Early clinical trials of eDSP demonstrated that treatment was feasible and could be used in children as well as older adults. PK analyses demonstrated dexamethasone levels up to 28 days post-infusion. Notably, the mean dose used in these early trials did not exceed 10 mg of eDSP per infusion suggesting that glucocorticoid receptor occupation could be achieved with a low eDSP dose. The absence of expected steroid-related side-effects across studies was remarkable.

These early trials had small sample sizes, lack of multicenter validation, and inconsistent control groups hampering efficacy confirmation. Observed technical challenges and variability in erythrocyte loading prompted continued improvement of the technology and process controls, leading to automation and reliable drug loading into erythrocytes.
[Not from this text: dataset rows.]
lemma cell_poly_Suc_Suc:
  "cell_poly (Suc r) (Suc s) = [:0, 1:] * cell_poly r (Suc s) + [:0, 1:] * cell_poly (Suc r) s
     - [:0, 1:] * [:-1, 1:] * cell_poly r s"
proof -
  have step: "(\<Sum>C\<in>cells r' s'. [:-1, 1:] ^ (Suc r + Suc s - length C)
                + [:-1, 1:] ^ (Suc r + Suc s - length (C @ [(Suc r, Suc s)])))
            = [:0, 1:] * [:-1, 1:] ^ k * cell_poly r' s'"
    if "Suc r + Suc s = r' + s' + Suc k" for r' s' k
    unfolding cell_poly_def sum_distrib_left
  proof (rule sum.cong[OF refl])
    fix C assume "C \<in> cells r' s'"
    then have "length C \<le> r' + s'"
      using cell_length_le by (fastforce simp: cells_def)
    then have "r' + s' + k - length C = k + (r' + s' - length C)"
      by simp
    then have "([:-1, 1:] :: int poly) ^ (r' + s' + k - length C)
             = [:-1, 1:] ^ k * [:-1, 1:] ^ (r' + s' - length C)"
      by (simp only: power_add)
    then show "[:-1, 1:] ^ (Suc r + Suc s - length C)
                + [:-1, 1:] ^ (Suc r + Suc s - length (C @ [(Suc r, Suc s)]))
             = [:0, 1:] * [:-1, 1:] ^ k * ([:-1, 1:] :: int poly) ^ (r' + s' - length C)"
      using snoc_weight[of C "r' + s' + k"] \<open>length C \<le> r' + s'\<close> that
      by (simp add: mult.assoc)
  qed
  show ?thesis
    unfolding cell_poly_def[of "Suc r" "Suc s"] sum_cells_Suc_Suc
    using step[of r "Suc s" 0] step[of "Suc r" s 0] step[of r s 1] by simp
qed

lemma cell_poly_1_left: "cell_poly (Suc 0) s = [:-1, 1:] * [:0, 1:] ^ s"
  by (induction s) (simp_all add: cell_poly_Suc_Suc algebra_simps)

lemma cell_poly_1_right: "cell_poly r (Suc 0) = [:-1, 1:] * [:0, 1:] ^ r"
  by (induction r) (simp_all add: cell_poly_Suc_Suc algebra_simps)

definition binom_term :: "nat \<Rightarrow> nat \<Rightarrow> nat \<Rightarrow> int poly" where
  "binom_term a b m = of_nat (a choose m) * of_nat (b choose m) * [:0, 1:] ^ (a + b + 1 - m)"

definition binom_poly :: "nat \<Rightarrow> nat \<Rightarrow> nat \<Rightarrow> int poly" where
  "binom_poly a b N = (\<Sum>m\<le>N. binom_term a b m)"

lemma binom_poly_eq_min: "min a b \<le> N \<Longrightarrow> binom_poly a b N = binom_poly a b (min a b)"
  unfolding binom_poly_def
  by (rule sum.mono_neutral_right) (auto simp: binom_term_def min_def split: if_splits)

lemma binom_term_0 [simp]: "binom_term a b 0 = [:0, 1:] ^ Suc (a + b)"
  by (simp add: binom_term_def)

lemma binom_poly_0 [simp]: "binom_poly 0 b N = [:0, 1:] ^ Suc b" "binom_poly a 0 N = [:0, 1:] ^ Suc a"
  by (auto simp: binom_poly_def binom_term_def atMost_atLeast0 sum.atLeast_Suc_atMost binomial_eq_0
      intro!: sum.neutral)

lemma choose_mult_choose_Suc_Suc:
  "(Suc a choose Suc m) * (Suc b choose Suc m) + (a choose Suc m) * (b choose Suc m)
     = (a choose Suc m) * (Suc b choose Suc m) + (Suc a choose Suc m) * (b choose Suc m)
       + (a choose m) * (b choose m)"
  by (simp add: algebra_simps)

lemma binom_term_Suc_Suc:
  "binom_term (Suc a) (Suc b) (Suc m) + [:0, 1:] * [:0, 1:] * binom_term a b (Suc m)
     = [:0, 1:] * binom_term a (Suc b) (Suc m) + [:0, 1:] * binom_term (Suc a) b (Suc m)
       + [:0, 1:] * binom_term a b m"
proof (cases "m \<le> a")
  case True
  define d where "d = a + b - m"
  have exps: "Suc a + Suc b + 1 - Suc m = Suc (Suc d)" "a + Suc b + 1 - Suc m = Suc d"
    "Suc a + b + 1 - Suc m = Suc d" "a + b + 1 - Suc m = d" "a + b + 1 - m = Suc d"
    using True by (simp_all add: d_def)
  have "(of_nat ((Suc a choose Suc m) * (Suc b choose Suc m) + (a choose Suc m) * (b choose Suc m))
        :: int poly)
      = of_nat ((a choose Suc m) * (Suc b choose Suc m) + (Suc a choose Suc m) * (b choose Suc m)
          + (a choose m) * (b choose m))"
    by (simp only: choose_mult_choose_Suc_Suc)
  then show ?thesis
    unfolding binom_term_def exps by (simp add: algebra_simps)
next
  case False
  then show ?thesis
    by (simp add: binom_term_def binomial_eq_0)
qed

lemma binom_poly_Suc_Suc:
  "binom_poly (Suc a) (Suc b) (Suc N) + [:0, 1:] * [:0, 1:] * binom_poly a b (Suc N)
     = [:0, 1:] * binom_poly a (Suc b) (Suc N) + [:0, 1:] * binom_poly (Suc a) b (Suc N)
       + [:0, 1:] * binom_poly a b N"
proof -
  define q where "q = ([:0, 1:] :: int poly)"
  have "(\<Sum>m\<le>N. binom_term (Suc a) (Suc b) (Suc m) + q * q * binom_term a b (Suc m))
      = (\<Sum>m\<le>N. q * binom_term a (Suc b) (Suc m) + q * binom_term (Suc a) b (Suc m)
          + q * binom_term a b m)"
    unfolding q_def by (simp only: binom_term_Suc_Suc)
  then show ?thesis
    unfolding binom_poly_def sum.atMost_Suc_shift binom_term_0 q_def[symmetric]
    by (simp add: sum.distrib sum_distrib_left algebra_simps)
qed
Due to systemic toxicities, the use of corticosteroids in inflammatory disorders continues to decrease since the early 2000s and has been supplemented by biologic agents. Biologics target specific cytokines or receptors, which limit their efficacy to the subgroup of patients with a disease driven by that pathway. Corticosteroids, through their global suppression of inflammatory gene expression across multiple pathways, lead to reliable and rapid symptom control in a wide range of patients. Delivery of eDSP minimizing systemic exposure and toxicities, described in these early clinical studies and subsequently confirmed in children with ataxia telangiectasia treated for longer than 2 years, warrants a renewed attention to use of corticosteroids delivered via RBC in selected inflammatory conditions.